# female powerlifting whats good starting lifts ?



## squirt

after my mrs watched me compete she wants to have ago competing next year probly but what are the good sarting lifts for a women powerlifting i know mens are X3bw sq X3 bw deads X1.75 bench but what would women ones be ?

thanks in advance


----------



## squirt

any1


----------



## squirt

bump


----------



## Guest

I think @JaneN40 knows about powerlifting  She might be able to help (I hope I got that username right lol)

EDIT : Oooh I got it right, yay for my memory


----------



## JaneN40

Hi, and well done to your Mrs!  Get her along here or to www.strengthfoums.com

I am not at the same ratio's for lifting yet, but am lifting more than my body weight in deadlift (not in squat due to my having had a hip issue).

However... if you find a local federation or look at ones she'd like to lift in you'll be able to gauge her age, weight class and what people have been lifting in those.

I would say though, get her there to set her base level once she's happy she can do the three lifts clean and then she can see her progression. We are short of women in the sport and it's a real buzz (less stress than for the men who are competing for places etc). For instance my first comp was last month.. at 40, I set 4 records for my weight and age class (Masters 1, and 82.5kg). So now my aim is personal progression.. and those records will be broken - but I'd like to dip down a wieght class so am working on that. 

The main thing is to get her interested, training (for clean lifts not half squats etc) and progressing. 

Thanks @CheekyMonkey for the shout!


----------



## squirt

JaneN40 said:


> Hi, and well done to your Mrs!  Get her along here or to www.strengthfoums.com
> 
> I am not at the same ratio's for lifting yet, but am lifting more than my body weight in deadlift (not in squat due to my having had a hip issue).
> 
> However... if you find a local federation or look at ones she'd like to lift in you'll be able to gauge her age, weight class and what people have been lifting in those.
> 
> I would say though, get her there to set her base level once she's happy she can do the three lifts clean and then she can see her progression. We are short of women in the sport and it's a real buzz (less stress than for the men who are competing for places etc). For instance my first comp was last month.. at 40, I set 4 records for my weight and age class (Masters 1, and 82.5kg). So now my aim is personal progression.. and those records will be broken - but I'd like to dip down a wieght class so am working on that.
> 
> The main thing is to get her interested, training (for clean lifts not half squats etc) and progressing.
> 
> Thanks @CheekyMonkey for the shout!


ok thanks, ive got her lifting deads and bench with good form, just working on squatting witch is her issue she's just not comfortable squatting yet, she's only 44kg bw so trying to bulk her up a bit along the way. il defo have a look at some results from different comps then to try and get a gauge on what she wants to aim for.
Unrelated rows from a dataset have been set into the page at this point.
(* Let $G$ be a locally compact group with right Haar measure $\vartheta$, let $1\le p<\infty$, let $g\in G$ be aperiodic, and let $w:G\to(0,+\infty)$ be a bounded function. Suppose the weighted translation operator $T_{g,w}:\mathfrak{L}^p(G)\to\mathfrak{L}^p(G)$, $T_{g,w}(f)(x)=w(x)f(xg^{-1})$, is convex-cyclic and that the point spectrum of its adjoint is empty, $\sigma_p(T_{g,w}^* )=\emptyset$. Then for each compact subset $K\subset G$ with $\vartheta(K)>0$ there exist $N_0\in\mathbb{N}$, a sequence of Borel subsets $(E_n)$ of $K$, and a sequence $(a_n)\subseteq[0,1]$ with $\sum_{i=0}^\infty a_i=1$ such that $$1\Big/\liminf_{n\to\infty}\Big\Vert\Big(a_0\prod_{i=0}^{N_0-1}w*\delta_{g^{i}}+a_1\prod_{i=0}^{N_0}w*\delta_{g^{i}}+\cdots+a_n\prod_{i=0}^{N_0+n-1}w*\delta_{g^{i}}\Big)\Big|_{E_n}\Big\Vert_\infty=0.$$
   Context: For $h\in G$, $\delta_h$ is the unit point mass at $h$ and $(f*\delta_h)(x)=f(xh^{-1})$; thus $(w*\delta_{g^{i}})(x)=w(xg^{-i})$. Products are pointwise, $F|_{E}$ denotes restriction to $E$, and $\Vert\cdot\Vert_\infty$ is the (essential) supremum norm. An element $g\in G$ is aperiodic if the closed subgroup generated by $g$ is not compact. A bounded linear operator $T$ on a Banach space $X$ is convex-cyclic if there is $x\in X$ such that the convex hull of $\{T^nx:n\ge0\}$ is dense in $X$. $T^*$ denotes the Banach-space adjoint acting on the dual space, and $\sigma_p$ denotes the set of eigenvalues. *)

theory Defs
  imports "HOL-Analysis.Analysis" "HOL-Probability.Probability"
begin

text \<open>Groups are written additively (class group_add, not necessarily abelian):
  the product x h of the paper is x + h, the inverse h^{-1} is - h, and
  x h^{-1} is x + - h.\<close>

definition gpow :: "'a::group_add \<Rightarrow> nat \<Rightarrow> 'a" where
  "gpow g n = ((\<lambda>x. x + g) ^^ n) 0"

definition gipow :: "'a::group_add \<Rightarrow> int \<Rightarrow> 'a" where
  "gipow g k = (if 0 \<le> k then gpow g (nat k) else - gpow g (nat (- k)))"

definition aperiodic :: "'a::topological_group_add \<Rightarrow> bool" where
  "aperiodic g \<longleftrightarrow> \<not> compact (closure (range (gipow g)))"

definition right_haar_measure :: "'a::topological_group_add measure \<Rightarrow> bool" where
  "right_haar_measure M \<longleftrightarrow>
     sets M = sets borel \<and>
     emeasure M (space M) \<noteq> 0 \<and>
     (\<forall>A\<in>sets M. \<forall>h. emeasure M ((\<lambda>x. x + h) ` A) = emeasure M A) \<and>
     (\<forall>K. compact K \<longrightarrow> emeasure M K < \<infinity>) \<and>
     (\<forall>A\<in>sets M. emeasure M A = (INF U\<in>{U. open U \<and> A \<subseteq> U}. emeasure M U)) \<and>
     (\<forall>U. open U \<longrightarrow> emeasure M U = (SUP K\<in>{K. compact K \<and> K \<subseteq> U}. emeasure M K))"

definition Lp_mem :: "'a measure \<Rightarrow> real \<Rightarrow> ('a \<Rightarrow> complex) \<Rightarrow> bool" where
  "Lp_mem M p f \<longleftrightarrow> f \<in> borel_measurable M \<and> integrable M (\<lambda>x. norm (f x) powr p)"

definition Lp_norm :: "'a measure \<Rightarrow> real \<Rightarrow> ('a \<Rightarrow> complex) \<Rightarrow> real" where
  "Lp_norm M p f = (\<integral>x. norm (f x) powr p \<partial>M) powr (1 / p)"

definition wtrans :: "'a::group_add \<Rightarrow> ('a \<Rightarrow> real) \<Rightarrow> ('a \<Rightarrow> complex) \<Rightarrow> ('a \<Rightarrow> complex)" where
  "wtrans g w f = (\<lambda>x. complex_of_real (w x) * f (x + - g))"

definition convex_cyclic_Lp ::
  "'a measure \<Rightarrow> real \<Rightarrow> (('a \<Rightarrow> complex) \<Rightarrow> ('a \<Rightarrow> complex)) \<Rightarrow> bool" where
  "convex_cyclic_Lp M p T \<longleftrightarrow>
     (\<exists>f. Lp_mem M p f \<and>
        (\<forall>h. Lp_mem M p h \<longrightarrow> (\<forall>\<epsilon>>0. \<exists>N::nat. \<exists>c::nat \<Rightarrow> real.
            (\<forall>n\<le>N. 0 \<le> c n) \<and> (\<Sum>n\<le>N. c n) = 1 \<and>
            Lp_norm M p (\<lambda>x. (\<Sum>n\<le>N. complex_of_real (c n) * (T ^^ n) f x) - h x) < \<epsilon>)))"

definition Lp_dual :: "'a measure \<Rightarrow> real \<Rightarrow> (('a \<Rightarrow> complex) \<Rightarrow> complex) \<Rightarrow> bool" where
  "Lp_dual M p \<phi> \<longleftrightarrow>
     (\<forall>f h. Lp_mem M p f \<longrightarrow> Lp_mem M p h \<longrightarrow> \<phi> (\<lambda>x. f x + h x) = \<phi> f + \<phi> h) \<and>
     (\<forall>f a. Lp_mem M p f \<longrightarrow> \<phi> (\<lambda>x. a * f x) = a * \<phi> f) \<and>
     (\<exists>C. \<forall>f. Lp_mem M p f \<longrightarrow> norm (\<phi> f) \<le> C * Lp_norm M p f)"

text \<open>Point spectrum of the adjoint T^* on the dual of L^p(M):
  \<lambda> is an eigenvalue iff there is a nonzero bounded functional \<phi>
  with T^* \<phi> = \<phi> \<circ> T = \<lambda> \<phi>.\<close>
definition adjoint_point_spectrum ::
  "'a measure \<Rightarrow> real \<Rightarrow> (('a \<Rightarrow> complex) \<Rightarrow> ('a \<Rightarrow> complex)) \<Rightarrow> complex set" where
  "adjoint_point_spectrum M p T =
     {c. \<exists>\<phi>. Lp_dual M p \<phi> \<and> (\<exists>f. Lp_mem M p f \<and> \<phi> f \<noteq> 0) \<and>
            (\<forall>f. Lp_mem M p f \<longrightarrow> \<phi> (T f) = c * \<phi> f)}"

end

theory Submission
  imports Defs
begin

(* Write W_n for the product of the translates w * delta_(g^i), i < n, so that
   T^n f = W_n (f * delta_(g^n)).  If the W_n were essentially bounded on K by one
   constant C, no convex combination S of the orbit of f could approximate
   h = 2 r 1_K: on K either |S| <= r, and then |S - h| >= r, or r^p < |S|^p, which by
   Jensen is at most C^p times a convex combination of the |f * delta_(g^n)|^p.
   Integrating, with the right invariance of the Haar measure, gives
   r^p vartheta(K) <= ||S - h||_p^p + C^p ||f||_p^p, which fails for large r.
   So the essential suprema of W_n on K are unbounded.  Picking m_0 < m_1 < ... with
   ess sup_K W_(m_j) > j 2^(j+1) and weights a_(m_j) = 2^-(j+1) (zero elsewhere), the
   partial sums sum_(k <= n) a_k W_k have essential supremum at least j on K as soon
   as n >= m_j.  Hence N_0 = 0 and E_n = K already work. *)

definition wprod :: "'a::group_add \<Rightarrow> ('a \<Rightarrow> real) \<Rightarrow> nat \<Rightarrow> 'a \<Rightarrow> real" where
  "wprod g w n x = (\<Prod>i<n. w (x + - gpow g i))"

lemma gpow_0 [simp]: "gpow g 0 = 0"
  by (simp add: gpow_def)

lemma gpow_Suc: "gpow g (Suc n) = gpow g n + g"
  by (simp add: gpow_def)

lemma diff_gpow_Suc: "x - gpow g (Suc n) = x - g - gpow g n"
  by (simp only: gpow_Suc diff_conv_add_uminus minus_add add.assoc)

lemma wprod_Suc: "wprod g w (Suc n) x = w x * wprod g w n (x + - g)"
  unfolding wprod_def prod.lessThan_Suc_shift by (simp add: diff_gpow_Suc)

lemma wtrans_funpow:
  "(wtrans g w ^^ n) f x = complex_of_real (wprod g w n x) * f (x + - gpow g n)"
proof (induction n arbitrary: x)
  case 0
  then show ?case by (simp add: wprod_def)
next
  case (Suc n)
  then show ?case by (simp add: wtrans_def wprod_Suc diff_gpow_Suc)
qed

lemma wprod_nonneg: "(\<And>x. 0 \<le> w x) \<Longrightarrow> 0 \<le> wprod g w n x"
  unfolding wprod_def by (intro prod_nonneg) auto

lemma wprod_le_power: "(\<And>x. 0 \<le> w x) \<Longrightarrow> (\<And>x. w x \<le> B) \<Longrightarrow> wprod g w n x \<le> B ^ n"
  unfolding wprod_def using prod_mono[of "{..<n}" "\<lambda>i. w (x + - gpow g i)" "\<lambda>_. B"] by simp

lemma max_powr_le_add: "0 \<le> x \<Longrightarrow> 0 \<le> y \<Longrightarrow> max x y powr p \<le> x powr p + y powr p"
  for x y p :: real
  by (simp add: max_def)

lemma norm_add_powr_le:
  fixes u v :: "'b::real_normed_vector"
  assumes "0 \<le> p"
  shows "norm (u + v) powr p \<le> 2 powr p * (norm u powr p + norm v powr p)"
proof -
  have "norm (u + v) powr p \<le> (2 * max (norm u) (norm v)) powr p"
    using assms norm_triangle_ineq[of u v] by (intro powr_mono2) auto
  also have "\<dots> = 2 powr p * max (norm u) (norm v) powr p"
    by (simp add: powr_mult)
  also have "\<dots> \<le> 2 powr p * (norm u powr p + norm v powr p)"
    by (intro mult_left_mono max_powr_le_add) auto
  finally show ?thesis .
qed

lemma half_norm_powr_le:
  fixes a z :: "'b::real_normed_vector"
  assumes "0 \<le> p"
  shows "(norm a / 2) powr p \<le> norm (z - a) powr p + norm z powr p"
proof -
  have "norm a / 2 \<le> max (norm (z - a)) (norm z)"
    using norm_triangle_ineq4[of z "z - a"] by simp
  then have "(norm a / 2) powr p \<le> max (norm (z - a)) (norm z) powr p"
    using assms by (intro powr_mono2) auto
  also have "\<dots> \<le> norm (z - a) powr p + norm z powr p"
    by (intro max_powr_le_add) auto
  finally show ?thesis .
qed

lemma convex_on_powr_nonneg:
  assumes "1 \<le> p"
  shows "convex_on {0..} (\<lambda>x::real. x powr p)"
proof (rule convex_onI)
  have shrink: "(s * z) powr p \<le> s * z powr p" if "0 \<le> s" "s \<le> 1" "0 \<le> z" for s z :: real
  proof -
    have "s powr p \<le> s powr 1"
      using that assms by (intro powr_mono') auto
    then show ?thesis
      using that by (auto simp: powr_mult intro: mult_right_mono)
  qed
  fix t x y :: real
  assume t: "0 < t" "t < 1" and x: "x \<in> {0..}" and y: "y \<in> {0..}"
  show "((1 - t) *\<^sub>R x + t *\<^sub>R y) powr p \<le> (1 - t) * x powr p + t * y powr p"
  proof (cases "x = 0 \<or> y = 0")
    case True
    then show ?thesis
      using t x y shrink[of "1 - t" x] shrink[of t y] by auto
  next
    case False
    then show ?thesis
      using x y t powr_convex[OF assms] unfolding convex_on_def by auto
  qed
qed (simp add: convex_real_interval)

lemma norm_convex_combination_powr_le:
  fixes c b :: "nat \<Rightarrow> real" and z :: "nat \<Rightarrow> 'b::real_normed_vector"
  assumes p: "1 \<le> p" and c1: "(\<Sum>n\<le>N. c n) = 1" and c0: "\<And>n. n \<le> N \<Longrightarrow> 0 \<le> c n"
    and zb: "\<And>n. n \<le> N \<Longrightarrow> norm (z n) \<le> b n"
  shows "norm (\<Sum>n\<le>N. c n *\<^sub>R z n) powr p \<le> (\<Sum>n\<le>N. c n * b n powr p)"
proof -
  have b0: "0 \<le> b n" if "n \<le> N" for n
    using zb[OF that] norm_ge_zero order_trans by blast
  have "norm (\<Sum>n\<le>N. c n *\<^sub>R z n) \<le> (\<Sum>n\<le>N. c n * b n)"
    using c0 zb by (intro norm_sum[THEN order_trans] sum_mono) (auto intro: mult_left_mono)
  then have "norm (\<Sum>n\<le>N. c n *\<^sub>R z n) powr p \<le> (\<Sum>n\<le>N. c n * b n) powr p"
    using p by (intro powr_mono2) auto
  also have "\<dots> \<le> (\<Sum>n\<le>N. c n * b n powr p)"
    using convex_on_sum[OF _ _ convex_on_powr_nonneg[OF p], of "{..N}" c b] c1 c0 b0 by auto
  finally show ?thesis .
qed
lemma binary_Q_set_in_graph_set:
  assumes v: "v \<in> Q_set n m d p P f \<phi>" and v01: "\<forall>k\<in>coordsZ n d. v k \<in> {0, 1}"
  shows "(x_part v, mu_part v) \<in> graph_set n m d p P f \<phi>"
proof -
  have supp: "supp_in (coords n m d) v" and hull: "zmu_part v \<in> convex hull (G_set n m d p f \<phi>)"
    and xP: "x_part v \<in> P" and B: "\<forall>i\<in>{1..n}. in_B d p i v"
    using v by (auto simp: Q_set_def)
  have "\<forall>i\<in>{1..n}. \<exists>k\<le>d i. v (Xc i) = p i k \<and> (\<forall>t. ell d p f t i v = f t i (p i k))"
  proof
    fix i assume i: "i \<in> {1..n}"
    show "\<exists>k\<le>d i. v (Xc i) = p i k \<and> (\<forall>t. ell d p f t i v = f t i (p i k))"
      using B i v01 by (intro in_B_binary_staircase) simp_all
  qed
  then obtain K where K: "\<forall>i\<in>{1..n}. K i \<le> d i \<and> v (Xc i) = p i (K i) \<and>
      (\<forall>t. ell d p f t i v = f t i (p i (K i)))"
    by (elim bchoice[THEN exE])
  have "\<forall>k\<in>coordsZ n d. zmu_part v k \<in> {0, 1}"
  proof
    fix k assume "k \<in> coordsZ n d"
    then show "zmu_part v k \<in> {0, 1}" using v01 by (cases k) auto
  qed
  then have "mu_part v t = \<phi> t (\<lambda>i. if i \<in> {1..n} then f t i (x_part v i) else 0)"
    if "t \<in> {1..m}" for t
    using convex_hull_G_set_Mc[OF hull _ that] K by (simp add: mu_part_def x_part_def cong: if_cong)
  moreover have "x_part v \<in> Xgrid n d p"
    using supp K by (auto simp: Xgrid_def Rn_def x_part_def supp_in_def)
  moreover have "mu_part v \<in> Rn m"
    using supp by (auto simp: Rn_def mu_part_def supp_in_def)
  ultimately show ?thesis using xP by (simp add: graph_set_def)
qed
lemma L_class_Bhatia_Davis:
  assumes "L_class \<mu> \<sigma> F" and "AE x in F. l \<le> x \<and> x \<le> u"
  shows "\<sigma> ^ 2 \<le> (u - \<mu>) * (\<mu> - l)"
proof -
  note F = L_classD[OF assms(1)]
  interpret real_distribution F by (rule F(1))
  have "AE x in F. 0 \<le> (u - x) * (x - l)"
    using assms(2) by eventually_elim simp
  then have "0 \<le> (\<integral>x. (u - x) * (x - l) \<partial>F)"
    by (rule integral_nonneg_AE)
  also have "(\<integral>x. (u - x) * (x - l) \<partial>F) = (\<integral>x. (u + l) * x - u * l - x ^ 2 \<partial>F)"
    by (simp add: algebra_simps power2_eq_square)
  also have "\<dots> = (u + l) * \<mu> - u * l - (\<mu> ^ 2 + \<sigma> ^ 2)"
    using F by simp
  finally show ?thesis
    by (simp add: algebra_simps power2_eq_square)
qed

lemma (in prob_space) AE_eq_if_AE_ge_expectation_le:
  fixes f :: "'a \<Rightarrow> real"
  assumes "integrable M f" "AE x in M. c \<le> f x" "expectation f \<le> c"
  shows "AE x in M. f x = c"
proof -
  have int: "integrable M (\<lambda>x. f x - c)" and nonneg: "AE x in M. 0 \<le> f x - c"
    using assms(1,2) by (auto elim: eventually_mono)
  have "(\<integral>x. f x - c \<partial>M) = expectation f - c"
    using assms(1) by (simp add: prob_space)
  then have "(\<integral>x. f x - c \<partial>M) = 0"
    using integral_nonneg_AE[OF nonneg] assms(3) by linarith
  then have "AE x in M. f x - c = 0"
    using integral_nonneg_eq_0_iff_AE[OF int nonneg] by simp
  then show ?thesis
    by eventually_elim simp
qed

lemma L_class_not_AE_const:
  assumes "\<sigma> > 0" "L_class \<mu> \<sigma> F"
  shows "\<not> (AE x in F. x = c)"
proof
  assume const: "AE x in F. x = c"
  note F = L_classD[OF assms(2)]
  interpret real_distribution F by (rule F(1))
  have "AE x in F. x ^ 2 = c ^ 2"
    using const by eventually_elim simp
  then have "\<mu> ^ 2 + \<sigma> ^ 2 = c ^ 2"
    using F(5) integral_cong_AE[of "\<lambda>x. x ^ 2" F "\<lambda>x. c ^ 2"] by simp
  moreover have "\<mu> = c"
    using F(4) integral_cong_AE[of "\<lambda>x. x" F "\<lambda>x. c"] const by simp
  ultimately show False
    using assms(1) by simp
qed

lemma L_class_AE_lower_less_mean:
  assumes "\<sigma> > 0" "L_class \<mu> \<sigma> F" "AE x in F. l \<le> x"
  shows "l < \<mu>"
proof (rule ccontr)
  assume "\<not> l < \<mu>"
  note F = L_classD[OF assms(2)]
  interpret real_distribution F by (rule F(1))
  have "AE x in F. x = l"
    using \<open>\<not> l < \<mu>\<close> F by (intro AE_eq_if_AE_ge_expectation_le assms(3)) auto
  then show False
    using L_class_not_AE_const[OF assms(1,2)] by blast
qed

lemma L_class_mean_less_AE_upper:
  assumes "\<sigma> > 0" "L_class \<mu> \<sigma> F" "AE x in F. x \<le> u"
  shows "\<mu> < u"
proof (rule ccontr)
  assume "\<not> \<mu> < u"
  note F = L_classD[OF assms(2)]
  interpret real_distribution F by (rule F(1))
  have "AE x in F. - x = - u"
    using \<open>\<not> \<mu> < u\<close> F assms(3) by (intro AE_eq_if_AE_ge_expectation_le) auto
  then show False
    using L_class_not_AE_const[OF assms(1,2), of u] by (auto elim: eventually_mono)
qed

lemma AE_ess_inf_dist_le: "AE x in M. ess_inf_dist M \<le> ereal x"
  using esssup_AE[of "\<lambda>x. - ereal x" M] unfolding ess_inf_dist_def
  by eventually_elim (simp add: ereal_uminus_le_reorder)

lemma AE_le_ess_sup_dist: "AE x in M. ereal x \<le> ess_sup_dist M"
  using esssup_AE[of "\<lambda>x. ereal x" M] unfolding ess_sup_dist_def by simp

lemma L_class_ess_inf_less_mean:
  assumes "\<sigma> > 0" "L_class \<mu> \<sigma> F"
  shows "ess_inf_dist F < ereal \<mu>"
proof -
  interpret real_distribution F by (rule L_classD(1)[OF assms(2)])
  show ?thesis
  proof (cases "ess_inf_dist F")
    case (real l)
    then show ?thesis
      using AE_ess_inf_dist_le[of F] L_class_AE_lower_less_mean[OF assms] by simp
  next
    case PInf
    then show ?thesis
      using AE_ess_inf_dist_le[of F] AE_False by simp
  qed simp
qed
lemma extend_by_pendant_edges:
  assumes "finite V" "int_vertex_color_avoiding_connected V E col"
    "F \<subseteq> E" "finite F" "R \<subseteq> V" "R \<noteq> {}" "\<forall>y \<in> V - R. isolated F y"
  shows "\<exists>F'. F \<subseteq> F' \<and> F' \<subseteq> E \<and> card F' = card F + card (V - R) \<and>
           total_deficiency V F' col + (card (col ` V) - 1) * card (V - R) \<le> total_deficiency V F col"
  using assms(3-7)
proof (induction "card (V - R)" arbitrary: F R)
  case 0
  then show ?case by auto
next
  case (Suc m)
  obtain s y where "s \<in> R" "y \<in> V - R"
    using Suc.hyps(2) Suc.prems(4) by (metis card.empty ex_in_conv nat.distinct(1))
  then obtain a b where ab: "a \<in> R" "b \<in> V - R" "{a, b} \<in> E"
    using ICAC_edge_leaving[OF assms(2)] Suc.prems(3) by blast
  let ?F = "insert {a, b} F" and ?R = "insert b R"
  have b_isolated: "isolated F b" using ab(2) Suc.prems(5) by blast
  have "a \<in> V" "a \<noteq> b" using ab Suc.prems(3) by auto
  have "{a, b} \<notin> F" using b_isolated by (auto simp: isolated_def)
  then have card_F: "card ?F = card F + 1" using Suc.prems(2) by simp
  have "V - ?R = (V - R) - {b}" by blast
  then have card_R: "card (V - ?R) = m"
    using card_Diff_singleton[of b "V - R"] ab(2) assms(1) Suc.hyps(2) by simp
  have "isolated ?F z" if "z \<in> V - ?R" for z
  proof -
    have "isolated F z" "z \<noteq> a" "z \<noteq> b" using that Suc.prems(5) ab(1) by auto
    then show ?thesis by (simp add: isolated_def)
  qed
  then have still_isolated: "\<forall>z \<in> V - ?R. isolated ?F z" by blast
  have "?F \<subseteq> E" "finite ?F" "?R \<subseteq> V" "?R \<noteq> {}"
    using Suc.prems(1-3) ab by auto
  then obtain F' where F': "?F \<subseteq> F'" "F' \<subseteq> E" "card F' = card ?F + m"
    "total_deficiency V F' col + (card (col ` V) - 1) * m \<le> total_deficiency V ?F col"
    using Suc.hyps(1)[OF card_R[symmetric] _ _ _ _ still_isolated] unfolding card_R by blast
  have "b \<in> V" using ab(2) by blast
  then have "total_deficiency V ?F col + (card (col ` V) - 1) \<le> total_deficiency V F col"
    by (rule total_deficiency_pendant_edge[OF assms(1) b_isolated \<open>a \<in> V\<close> _ \<open>a \<noteq> b\<close>])
  then have "total_deficiency V F' col + (card (col ` V) - 1) * Suc m \<le> total_deficiency V F col"
    using F'(4) by simp
  moreover have "card F' = card F + Suc m" using F'(3) card_F by simp
  ultimately show ?case using F'(1,2) Suc.hyps(2) by (intro exI[of _ F']) simp
qed
lemma level_set_no_hook:
  assumes "(a, b) \<in> level_set D T i" "(Suc a, b) \<in> level_set D T i" "(a, b - 1) \<in> level_set D T i"
  shows False
proof -
  have D: "(a, b) \<in> D" "(Suc a, b) \<in> D" "(a, b - 1) \<in> D"
    and same: "fst (T (Suc a, b)) = fst (T (a, b))" "fst (T (a, b - 1)) = fst (T (a, b))"
    using assms by (auto simp: mem_level_set)
  have "b \<ge> 1" using mem_D_coords[OF D(1)] by simp
  show False
  proof (cases "snd (T (a, b))")
    case False
    have "lrank (T (a, b)) \<le> lrank (T (Suc a, b))" using column_mono D by simp
    then have "T (Suc a, b) = T (a, b)" using False same entry_ge_1[OF D(1)]
      by (cases "T (a, b)", cases "T (Suc a, b)") (auto simp: lrank_def split: if_splits)
    then show False using column_repeat_marked[OF D(1,2)] False by simp
  next
    case True
    have "lrank (T (a, b - 1)) \<le> lrank (T (a, b))" using row_mono D by simp
    then have "T (a, b - 1) = T (a, b)" using True same entry_ge_1[OF D(1)]
      by (cases "T (a, b)", cases "T (a, b - 1)") (auto simp: lrank_def split: if_splits)
    then show False using row_repeat_unmarked[OF D(3,1)] True \<open>b \<ge> 1\<close> by simp
  qed
qed

lemma level_set_step_down:
  assumes "(x, y) \<in> level_set D T i" "(r, b) \<in> level_set D T i" "x < r" "y < b"
  shows "(Suc x, y) \<in> level_set D T i"
proof -
  have xy_D: "(x, y) \<in> D" "(r, b) \<in> D" using assms(1,2) by (auto simp: mem_level_set)
  have inside: "(x', y') \<in> level_set D T i"
    if "x \<le> x'" "x' \<le> r" "y \<le> y'" "y' \<le> b" "x' \<le> y'" for x' y'
    using level_set_convex[OF assms(1,2) skew_shifted_diagram_interval[OF DP_lam DP_mu xy_D]] that
    by simp
  show ?thesis
  proof (cases "Suc x \<le> y")
    case True
    then show ?thesis using inside assms(3,4) by simp
  next
    case False
    \<comment> \<open>\<open>(x, y)\<close> is a diagonal box, and \<open>T^(i)\<close> would contain a hook at \<open>(x, y + 1)\<close>\<close>
    then have "y = x" using mem_D_coords[OF xy_D(1)] by simp
    then have "(x, Suc x) \<in> level_set D T i" "(Suc x, Suc x) \<in> level_set D T i"
      using inside[of x "Suc x"] inside[of "Suc x" "Suc x"] assms(3,4) by auto
    then show ?thesis using level_set_no_hook assms(1) \<open>y = x\<close> by fastforce
  qed
qed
Well done on the 4 records certainly a good achievement


----------



## JaneN40

squirt said:


> ok thanks, ive got her lifting deads and bench with good form, just working on squatting witch is her issue she's just not comfortable squatting yet, she's only 44kg bw so trying to bulk her up a bit along the way. il defo have a look at some results from different comps then to try and get a gauge on what she wants to aim for.
> 
> Well done on the 4 records certainly a good achievement


Wow.. she's tiny!!! Be careful to let her get progression at her pace as you don't want injuries. Sounds like calories in and macro's will be a consideration too.


----------



## MattGriff

It totally depends to be honest, a female powerlifter at my gym raw squats 140kgs, benches 100kgs and deadlifts 180kgs at 63kg bw in the opens, but she is uber strong.


----------



## Ricky12345

MattGriff said:


> It totally depends to be honest, a female powerlifter at my gym raw squats 140kgs, benches 100kgs and deadlifts 180kgs at 63kg bw in the opens, but she is uber strong.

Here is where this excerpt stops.